The double blind, randomised, placebo-controlled trial will demonstrate DYAI-100’s clinical safety and antibody response in humans.

Designed as a first-in-human trial, it will evaluate the C1-SARS-CoV-2 recombinant protein RBD vaccine DYAI-100, which is produced using the C1 platform.

Healthy volunteers will receive the vaccine as a booster at two single dose levels.

Site preparations and recruitment of participants for the Phase I trial started in South Africa last year, after receiving regulatory approval from the South African Health Products Regulatory Authority (SAHPRA).

The trial will include healthy subjects aged 18 to 55 years.

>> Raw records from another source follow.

lemma copies_Turan_plus_edge:
  assumes s: "2 \<le> s" and t: "2 \<le> t" and ij: "i < n" "j < n" "i \<noteq> j" "(i < n div 2) = (j < n div 2)"
  shows "copies (Kplus_V s t) (Kplus_E s t) (turan_V n) (insert {i, j} (turan_E n))
    = (if i < n div 2 then copy_count s t (n div 2) (n - n div 2)
       else copy_count s t (n - n div 2) (n div 2))"
proof -
  define X where "X = {v. v < n \<and> (v < n div 2) = (i < n div 2)}"
  define Y where "Y = {v. v < n \<and> (v < n div 2) \<noteq> (i < n div 2)}"
  interpret kplus_host s t X Y i j
    using s t ij by unfold_locales (auto simp: X_def Y_def)
  have "turan_V n = X \<union> Y" by (auto simp: turan_V_def X_def Y_def)
  moreover have "turan_E n = {{u, v} | u v. u \<in> X \<and> v \<in> Y}"
    unfolding turan_E_def X_def Y_def by (auto simp: insert_commute)
  ultimately have count: "copies (Kplus_V s t) (Kplus_E s t) (turan_V n) (insert {i, j} (turan_E n))
      = (card X - 2 choose (s - 2)) * (card Y choose t)"
    using copies_kplus_host by (simp add: host_E_def)
  show ?thesis
  proof (cases "i < n div 2")
    case True
    then have "X = {..<n div 2}" "Y = {n div 2..<n}" by (auto simp: X_def Y_def)
    then show ?thesis using count True by (simp add: copy_count_def)
  next
    case False
    then have "X = {n div 2..<n}" "Y = {..<n div 2}" by (auto simp: X_def Y_def)
    then show ?thesis using count False by (simp add: copy_count_def)
  qed
qed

They will be randomised in 4:1 ratio, with 15 subjects per cohort.

After completion of the screening period, eight scheduled clinic visits are planned, and the first six visits will occur within the initial 29 days. On days 90 and 180, two follow up visits will take place.

Dyadic will collect the safety data throughout the trial.

Subject dosing is anticipated to be complete within the first quarter of this year and a full study report will be made available later this year.

Dyadic International president and CEO Mark Emalfarb said: “Dyadic and our South African partner, Rubic One Health, are very pleased that dosing has begun for the DYAI-100 Covid-19 booster vaccine candidate.

“Importantly, this study is expected to demonstrate clinical safety and antibody response in humans to help further combat the Covid-19 pandemic.

“The results from this first in human clinical trial are expected to accelerate the adoption of the C-1 protein production platform for both vaccine and therapeutic candidates.”